- Location: Near Napa, California, USA
- Appellation: Napa Valley AVA
- Founded: 1997
- Key people: Founders Amalia Palmaz and Julio Palmaz Tina Mitchell (winemaker) Christian Gaston Palmaz (Director of Operations) Florencia Palmaz (Director of Marketing) Jessica Palmaz (Director of Hospitality)
- Varietals: Cabernet Sauvignon, Malbec, Merlot, Petit Verdot, Cabernet Franc, Riesling, Chardonnay, Muscat (grape and wine)
- Website: http://www.palmazvineyards.com/

= Palmaz Vineyards =

Palmaz Vineyards is a Californian winery in the Napa Valley, primarily dedicated to Cabernet Sauvignon production. The estate is located on what was once the Cedar Knoll Vineyard Company, a pre prohibition winery, founded in 1881 by Henry Hagen, one of the pioneers of wine production in the Napa Valley. After prohibition the winery fell into a dilapidated state and the winery was abandoned. The Hagen House and the vineyards have since been restored after they were bought by Amalia and Julio Palmaz in 1997. The family-operated winery and vineyards cultivate some 55 acres using sustainable farming practices, devote to Cabernet Sauvignon, Chardonnay, Riesling, Muscat along with smaller plantings of Merlot, Malbec, Cabernet Franc and Petite Verdot.
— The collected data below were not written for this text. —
(* Let $T$ be a complete theory with monster model $\mathcal{U}$, $A\subseteq\mathcal{U}$ small, $b$ a finite tuple from $\mathcal{U}$, $\mu\in\mathfrak{M}_x(\mathcal{U})$, $\nu\in\mathfrak{M}_y(\mathcal{U})$, and $\varphi(y,b)\in\mathcal{L}_y(b)$ with $0<\nu(\varphi(y,b))<1$. If $\mu\blacktriangleright_A\nu$, then $\mu\blacktriangleright_{Ab}\nu_{[\varphi]}$.
   Context: For $C\subseteq\mathcal{U}$, $\mathcal{L}_x(C)$ is the Boolean algebra of formulas in $x$ with parameters from $C$ modulo $T$, embedded in $\mathcal{L}_{xy}(C)$ via $\varphi(x)\mapsto\varphi(x)\wedge y=y$; $\mathfrak{M}_x(C)$ is the set of finitely additive probability measures on $\mathcal{L}_x(C)$. For $\omega\in\mathfrak{M}_{xy}(C)$, $\pi_x(\omega)(\varphi(x))=\omega(\varphi(x)\wedge y=y)$ (similarly $\pi_y$); $\omega|_D$ is restriction. $\mathfrak{M}^{\mathrm{Am}}_{xy}(C)$ is the set of $\lambda\in\mathfrak{M}_{xy}(C)$ with $\lambda(\varphi(x)\wedge\psi(y))=\pi_x(\lambda)(\varphi(x))\pi_y(\lambda)(\psi(y))$ for all $\varphi(x)\in\mathcal{L}_x(C),\psi(y)\in\mathcal{L}_y(C)$. For $\lambda\in\mathfrak{M}^{\mathrm{Am}}_{xy}(A)$ with $\pi_x(\lambda)=\mu|_A$: $\operatorname{Amal}(\lambda,\mu)=\{\omega\in\mathfrak{M}^{\mathrm{Am}}_{xy}(\mathcal{U}):\omega|_A=\lambda,\pi_x(\omega)=\mu\}$. $\mu\blacktriangleright_A\nu$ means there is $\lambda\in\mathfrak{M}_{xy}(A)$ with $\pi_x(\lambda)=\mu|_A$, $\operatorname{Amal}(\lambda,\mu)\neq\emptyset$, and $\pi_y(\omega)=\nu$ for every $\omega\in\operatorname{Amal}(\lambda,\mu)$. $Ab$ denotes $A$ together with the entries of $b$. The localization is $\nu_{[\varphi]}(\psi(y))=\nu(\varphi(y,b)\wedge\psi(y))/\nu(\varphi(y,b))$. *)

theory Defs
  imports Complex_Main
begin
(* Let $G$ be an arbitrary graph and let $H$ be an odd cycle. Then $AT(G+_S H)=3$.
   Context: For an orientation $D$, a subdigraph is Eulerian if every vertex has equal in- and outdegree in it; $D$ is an AT-orientation if the numbers of Eulerian subgraphs with an even and with an odd number of arcs differ; $AT(G)$ is the smallest $k$ such that $G$ has an AT-orientation of maximum outdegree at most $k-1$. $S(G)$ is obtained from $G$ by subdividing each edge once, with vertex set identified with $V(G)\cup E(G)$. $G+_S H$ has vertex set $(V(G)\cup E(G))\times V(H)$, with $(u_1,u_2)\sim(v_1,v_2)$ iff [$u_1=v_1\in V(G)$ and $u_2v_2\in E(H)$] or [$u_2=v_2$ and $u_1v_1\in E(S(G))$]. *)

theory Defs
  imports Main
begin

definition graph :: "'a set \<Rightarrow> 'a set set \<Rightarrow> bool" where
  "graph V E \<longleftrightarrow> finite V \<and> (\<forall>e\<in>E. \<exists>u v. e = {u, v} \<and> u \<in> V \<and> v \<in> V \<and> u \<noteq> v)"

definition odd_cycle :: "'b set \<Rightarrow> 'b set set \<Rightarrow> bool" where
  "odd_cycle V E \<longleftrightarrow> (\<exists>(n::nat) f. n \<ge> 3 \<and> odd n \<and> bij_betw f {0..<n} V \<and>
      E = {{f i, f ((i + 1) mod n)} | i. i < n})"

definition is_orientation :: "'a set set \<Rightarrow> ('a \<times> 'a) set \<Rightarrow> bool" where
  "is_orientation E D \<longleftrightarrow> (\<forall>(u, v)\<in>D. {u, v} \<in> E) \<and>
      (\<forall>u v. {u, v} \<in> E \<longrightarrow> ((u, v) \<in> D \<longleftrightarrow> (v, u) \<notin> D))"

definition outdeg :: "('a \<times> 'a) set \<Rightarrow> 'a \<Rightarrow> nat" where
  "outdeg A v = card {w. (v, w) \<in> A}"

definition indeg :: "('a \<times> 'a) set \<Rightarrow> 'a \<Rightarrow> nat" where
  "indeg A v = card {w. (w, v) \<in> A}"

definition eulerian_subgraphs :: "('a \<times> 'a) set \<Rightarrow> ('a \<times> 'a) set set" where
  "eulerian_subgraphs D = {A. A \<subseteq> D \<and> (\<forall>v. indeg A v = outdeg A v)}"

definition AT_orientation :: "('a \<times> 'a) set \<Rightarrow> bool" where
  "AT_orientation D \<longleftrightarrow>
     card {A \<in> eulerian_subgraphs D. even (card A)} \<noteq> card {A \<in> eulerian_subgraphs D. odd (card A)}"

definition AT :: "'a set \<Rightarrow> 'a set set \<Rightarrow> nat" where
  "AT V E = (LEAST k. \<exists>D. is_orientation E D \<and> AT_orientation D \<and> (\<forall>v\<in>V. outdeg D v + 1 \<le> k))"

definition subdiv_V :: "'a set \<Rightarrow> 'a set set \<Rightarrow> ('a + 'a set) set" where
  "subdiv_V V E = Inl ` V \<union> Inr ` E"

definition subdiv_E :: "'a set set \<Rightarrow> ('a + 'a set) set set" where
  "subdiv_E E = {{Inl u, Inr e} | u e. e \<in> E \<and> u \<in> e}"

definition sprod_V :: "'a set \<Rightarrow> 'a set set \<Rightarrow> 'b set \<Rightarrow> (('a + 'a set) \<times> 'b) set" where
  "sprod_V V E VH = subdiv_V V E \<times> VH"

definition sprod_E :: "'a set \<Rightarrow> 'a set set \<Rightarrow> 'b set \<Rightarrow> 'b set set \<Rightarrow> (('a + 'a set) \<times> 'b) set set" where
  "sprod_E V E VH EH =
     {{(u1, u2), (v1, v2)} | u1 u2 v1 v2.
        u1 \<in> subdiv_V V E \<and> v1 \<in> subdiv_V V E \<and> u2 \<in> VH \<and> v2 \<in> VH \<and>
        ((u1 = v1 \<and> u1 \<in> Inl ` V \<and> {u2, v2} \<in> EH) \<or>
         (u2 = v2 \<and> {u1, v1} \<in> subdiv_E E))}"

end

theory Submission
  imports Defs
begin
Palmaz Vineyards is noted for having the largest wine cave in the Napa Valley, totaling 100,000 square feet. Palmaz Vineyards' winemaking and aging takes place within the living rock of Mount George, in a multi-leveled series of tunnels and domes. The height of the wine cave is equivalent to an 18-storey building, providing the vertical range needed for true gravity-flow winemaking. Thus, the wine is not subjected to the violent agitation of pumping, which can change the wine's intra-molecular structure. This gentle treatment allows finer nuances of flavor to develop naturally.

The fermentation dome is an underground reinforced structure. It is 72’ in diameter and 54’ high. Temperature stays constant at 60 degrees and humidity at 75%. The cave houses its own water treatment plant built to comply with strict conservation guidelines.